# Wave Optics (Interference due to reflection)

1. Jun 13, 2012

### cryora

1. The problem statement, all variables and given/known data

A radio-wave transmitter and a receiver, separated by a distance d = 50.0m, are both h = 35.0m above the ground. The receiver can receive signals directly from the transmitter and indirectly from signals that reflect from the ground. Assume the ground is level between the transmitter and receiver and a 180 degree phase shift occurs upon reflection.
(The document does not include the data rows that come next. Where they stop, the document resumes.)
theorem is_measure_center_closure_weakly_almost_periodic:
  fixes f :: "'a::metric_space \<Rightarrow> 'a"
  assumes cpt: "compact (UNIV :: 'a set)" and cont: "continuous_on UNIV f"
    and L: "closed L" and fL: "f ` L \<subseteq> L"
  shows "is_measure_center f L (closure {y\<in>L. weakly_almost_periodic f y})"
    (is "is_measure_center f L (closure ?W)")
  unfolding is_measure_center_def
proof (intro conjI allI impI ballI)
  show "closure ?W \<subseteq> L"
    using L by (intro closure_minimal) auto
  have "f ` ?W \<subseteq> ?W"
    using fL weakly_almost_periodic_image[OF cont] by blast
  then show "f ` closure ?W \<subseteq> closure ?W"
    using closure_subset[of ?W]
    by (intro image_closure_subset[OF continuous_on_subset[OF cont subset_UNIV] closed_closure]) blast
  show "emeasure \<mu> (closure ?W) = 1" if \<mu>: "\<mu> \<in> invariant_measures f L" for \<mu>
  proof -
    note \<mu>_props = invariant_measuresD[OF cont fL \<mu>]
    interpret prob_space \<mu>
      by (rule \<mu>_props(3))
    have "closure ?W \<in> sets \<mu>"
      using \<mu>_props(1) \<open>closure ?W \<subseteq> L\<close> by (auto simp: sets_restrict_space)
    moreover have "AE z in \<mu>. z \<in> ?W"
      using AE_weakly_almost_periodic[OF cpt cont fL \<mu>] AE_space
      by eventually_elim (simp add: \<mu>_props(2))
    then have "AE z in \<mu>. z \<in> closure ?W"
      by eventually_elim (rule closure_subset[THEN subsetD])
    ultimately show ?thesis
      using prob_eq_1 by (simp add: emeasure_eq_measure)
  qed
  show "closure ?W \<subseteq> D"
    if "D \<subseteq> L \<and> closed D \<and> f ` D \<subseteq> D \<and> (\<forall>\<mu>\<in>invariant_measures f L. emeasure \<mu> D = 1)" for D
    using that weakly_almost_periodic_subset_full_measure[OF cpt cont L fL, of D]
    by (intro closure_minimal) simp_all
qed simp

theorem lemma2p3:
  fixes f :: "'a::metric_space \<Rightarrow> 'a" and x :: 'a
  assumes "compact (UNIV :: 'a set)"
    and "continuous_on UNIV f"
  shows "measure_center (omega_limit f x) f =
         closure {y \<in> omega_limit f x.
                    \<forall>\<epsilon>>0. lower_density (visit_times f y (ball y \<epsilon>)) > 0}"
proof -
  have "{y \<in> omega_limit f x. \<forall>\<epsilon>>0. lower_density (visit_times f y (ball y \<epsilon>)) > 0} =
      {y \<in> omega_limit f x. weakly_almost_periodic f y}"
    by (simp add: weakly_almost_periodic_def lower_density_pos_iff)
  then show ?thesis
    using is_measure_center_closure_weakly_almost_periodic[OF assms closed_omega_limit
        image_omega_limit_subset[OF assms(2)]]
    by (simp add: measure_center_eqI)
qed

end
Determine the longest wavelengths that interfere a) constructively and b) destructively.

2. Relevant equations

Since there is a 180 degree phase shift of the reflected signal, the conditions for constructive interference is:
δ = (m+1/2)λ
and conditions for destructive interference is:
δ = mλ
where δ is the path difference of the two waves, and m is an integer.
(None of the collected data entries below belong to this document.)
lemma projX_projX_le:
  assumes tight: "tight N c" and x2: "0 \<le> x2" and x12: "x2 \<le> x1"
  shows "projX N (projX N c x1) x2 = projX N c x2"
proof -
  define u where "u = projX N c x1"
  have x1: "0 \<le> x1" using x2 x12 by simp
  have c_split: "c = projX N u \<sigma> + (shrinkX N u \<sigma> + shrinkX N c x1)" for \<sigma>
    by (simp add: u_def shrinkX_def)
  have "(norm (u - projX N c x2))\<^sup>2 / 2 - (norm (u - projX N c x1))\<^sup>2 / 2
      \<le> (norm (shrinkX N u x2))\<^sup>2 / 2 - (norm (shrinkX N u x1))\<^sup>2 / 2"
  proof (rule decrease_comparison[where f = "\<lambda>\<sigma>. (norm (shrinkX N u \<sigma>))\<^sup>2 / 2"
        and g = "\<lambda>\<sigma>. (norm (u - projX N c \<sigma>))\<^sup>2 / 2"
        and l = "\<lambda>\<sigma>. dual_norm N (shrinkX N c \<sigma>) - dual_norm N (shrinkX N c x1)", OF x12])
    fix s s' assume s: "x2 \<le> s" "s \<le> s'" "s' \<le> x1"
    have "dual_norm N (shrinkX N c s') \<le> dual_norm N (shrinkX N u s' + shrinkX N c x1)"
      using tight_dual_norm_shrinkX_le[OF tight _ c_split projX_in] x2 s by simp
    also have "\<dots> \<le> dual_norm N (shrinkX N u s') + dual_norm N (shrinkX N c x1)"
      by (rule dual_norm_triangle)
    finally have "(s' - s) * (dual_norm N (shrinkX N c s') - dual_norm N (shrinkX N c x1))
        \<le> (s' - s) * dual_norm N (shrinkX N u s')"
      using s by (intro mult_left_mono) auto
    also have "\<dots> \<le> (norm (shrinkX N u s))\<^sup>2 / 2 - (norm (shrinkX N u s'))\<^sup>2 / 2"
      using norm_shrinkX_decrease_ge x2 s by simp
    finally show "(s' - s) * (dual_norm N (shrinkX N c s') - dual_norm N (shrinkX N c x1))
        \<le> (norm (shrinkX N u s))\<^sup>2 / 2 - (norm (shrinkX N u s'))\<^sup>2 / 2" .
    have "(norm (u - projX N c s))\<^sup>2 / 2 - (norm (u - projX N c s'))\<^sup>2 / 2
        \<le> inner (projX N c s' - projX N c s) (shrinkX N c s - shrinkX N c x1)"
      using half_norm_sq_diff_le_inner[of "u - projX N c s" "projX N c s' - projX N c s"]
      by (simp add: u_def shrinkX_def)
    also have "\<dots> \<le> (s' - s) * (dual_norm N (shrinkX N c s) - dual_norm N (shrinkX N c x1))"
      using inner_projX_diff_shrinkX_le[of s s' c] tight_inner_projX_diff_shrinkX_ge[OF tight _ s(2,3)]
        x2 s by (simp add: inner_diff_right right_diff_distrib)
    finally show "(norm (u - projX N c s))\<^sup>2 / 2 - (norm (u - projX N c s'))\<^sup>2 / 2
        \<le> (s' - s) * (dual_norm N (shrinkX N c s) - dual_norm N (shrinkX N c x1))" .
  qed
  moreover have "shrinkX N u x1 = 0"
    using projX_self[OF x1 projX_in[OF x1]] by (simp add: u_def shrinkX_def)
  ultimately have "(norm (u - projX N c x2))\<^sup>2 \<le> (norm (shrinkX N u x2))\<^sup>2"
    by (simp add: u_def)
  then have "norm (u - projX N c x2) \<le> norm (shrinkX N u x2)"
    by (rule power2_le_imp_le) simp
  then show ?thesis
    unfolding u_def by (rule projX_eq_if_norm_le[OF x2 projX_in[OF x2]])
qed

lemma projX_projX:
  assumes "tight N c" and "0 \<le> x1" and "0 \<le> x2"
  shows "projX N (projX N c x1) x2 = projX N c (min x1 x2)"
proof (cases "x1 \<le> x2")
  case True
  then show ?thesis
    using projX_self[OF assms(3)] projX_in[OF assms(2), of c] by (simp add: min_def)
qed (use projX_projX_le[OF assms(1,3)] in simp)

end

theorem proposition2p11:
  fixes N :: "'a::euclidean_space \<Rightarrow> real" and c :: 'a and x1 x2 :: real
  assumes "is_norm N" and "tight N c" and "x1 \<ge> 0" and "x2 \<ge> 0"
  shows "projX N (projX N c x1) x2 = projX N c (min x1 x2) \<and>
         shrinkX N (shrinkX N c x1) x2 = shrinkX N c (x1 + x2)"
proof -
  interpret vector_norm N by (rule vector_norm.intro) (fact assms(1))
  show ?thesis
    using projX_projX[OF assms(2-4)] shrinkX_shrinkX[OF assms(2-4)] by simp
qed

end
Unlike Young's Double slit, however, δ ≠ dsinθ, where d is the distance between two coherent light sources, because the extrapolated reflected ray does not make a 90 degree angle with the incoming ray before reflection.
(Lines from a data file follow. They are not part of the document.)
(* Let $g,h$ be relatively prime divisors of $N$ and $\chi\in X_N$, $\psi=\theta\chi^{-1}$. Then the eigensymbol $\alpha^{g,h}_{\chi,\psi}$ is zero unless $f_\chi$ divides $N/g$ and $f_\psi$ divides $N/h$.
   Context: $p$ is an odd prime, $M$ a positive integer with $p\nmid M\varphi(M)$, $N=M$ or $Mp$, $N>1$, $\Delta=(\mathbb{Z}/N\mathbb{Z})^\times/\langle-1\rangle$. $H$ is a space of level $N$ modular symbols: a $\mathbb{Z}_p[\Delta]$-module spanned by symbols $[u:v]$ ($u,v\in\mathbb{Z}/N\mathbb{Z}$ generating the unit ideal) satisfying $[u:v]=[-u:-v]=-[-v:u]$, $[u:v]=[u:u+v]+[u+v:v]$, $\langle a\rangle[u:v]=[au:av]$. $\theta:\Delta\to\mathbb{C}_p^\times$ is a character, $\mathcal{O}=\mathbb{Z}_p[\mu_{\varphi(N)}]$, $X_N=\mathrm{Hom}((\mathbb{Z}/N\mathbb{Z})^\times,\mathcal{O}^\times)$, $e_\theta=\frac1{\varphi(N)}\sum_a\theta^{-1}(a)\langle a\rangle$, $H^\theta=e_\theta(H\otimes_{\mathbb{Z}_p}\mathcal{O})$. $\alpha^{g,h}_{\chi,\psi}=\frac{1}{\varphi(N)^2}\sum_{a,b\in(\mathbb{Z}/N\mathbb{Z})^\times}\chi^{-1}(a)\psi^{-1}(b)[ga:hb]$. $f_\chi$ denotes the conductor of $\chi$. *)

theory Defs
  imports "HOL-Number_Theory.Number_Theory"
begin

text \<open>Residues mod N are represented by integers; (Z/NZ)^x by the set of representatives
  in {0..<N} coprime to N.\<close>

definition units_mod :: "nat \<Rightarrow> int set" where
  "units_mod N = {a \<in> {0..<int N}. coprime a (int N)}"

text \<open>Inverse of a residue class mod N (meaningful for units).\<close>
definition res_inv :: "nat \<Rightarrow> int \<Rightarrow> int" where
  "res_inv N a = (SOME b. [a * b = 1] (mod int N))"

text \<open>Multiplicative inverse in a ring (meaningful for units).\<close>
definition ring_inv :: "'o::comm_ring_1 \<Rightarrow> 'o" where
  "ring_inv x = (SOME y. y * x = 1)"

text \<open>A Dirichlet character mod N with values in O^x, i.e. an element of
  X_N = Hom((Z/NZ)^x, O^x), viewed as a function on integers (values on non-units irrelevant).\<close>
definition is_char :: "nat \<Rightarrow> (int \<Rightarrow> 'o::comm_ring_1) \<Rightarrow> bool" where
  "is_char N \<chi> \<longleftrightarrow>
     (\<forall>a b. [a = b] (mod int N) \<longrightarrow> \<chi> a = \<chi> b) \<and>
     (\<forall>a b. coprime a (int N) \<longrightarrow> coprime b (int N) \<longrightarrow> \<chi> (a * b) = \<chi> a * \<chi> b) \<and>
     (\<forall>a. coprime a (int N) \<longrightarrow> \<chi> a dvd 1)"

definition char_inv :: "nat \<Rightarrow> (int \<Rightarrow> 'o::comm_ring_1) \<Rightarrow> int \<Rightarrow> 'o" where
  "char_inv N \<chi> a = \<chi> (res_inv N a)"

definition conductor :: "nat \<Rightarrow> (int \<Rightarrow> 'o::comm_ring_1) \<Rightarrow> nat" where
  "conductor N \<chi> = (LEAST f. 0 < f \<and> f dvd N \<and>
      (\<forall>a. coprime a (int N) \<and> [a = 1] (mod int f) \<longrightarrow> \<chi> a = 1))"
3. The attempt at a solution

From the law of reflection, it can be deduced that the length of the path that the reflected ray takes from the source to the point of reflection is the same as the path it takes from the point of reflection to the receiver. Let's call this length l. Thus, we have an isosceles triangle where the sides are the paths of the direct ray and the ray that is reflected.

The point at which the ray is reflected is halfway (d/2) between the radio towers.

Knowing h, from the Pythagorean theorem, l = sqrt[h^2 + (d/2)^2]

Path difference δ = 2l - d
= 2sqrt[h^2 + (d/2)^2] - d

This is = to (m + 1/2)λ for constructive interference and mλ for destructive interference.

I have a feeling that I've already did something wrong at this point... but anyway the question asks for the greatest λ. Since h and d are constants, it seems the only thing I can vary is m. I could solve for λ and set m = 0 to maximize λ, but I get the wrong answer for constructive interference... and for destructive interference, it would mean λ → ∞.

So I'm quite confused about what I need to do. Any hints?

I just realized that m may not be variable but fixed, and unknown... This doesn't really improve things by much lol

Last edited: Jun 13, 2012
2. Jun 14, 2012

### ehild

Your work is correct, but you need to give physically possible solution. The wavelength of the radio wave must be positive. So find the m values which result in positive wavelengths and choose the longest ones.

ehild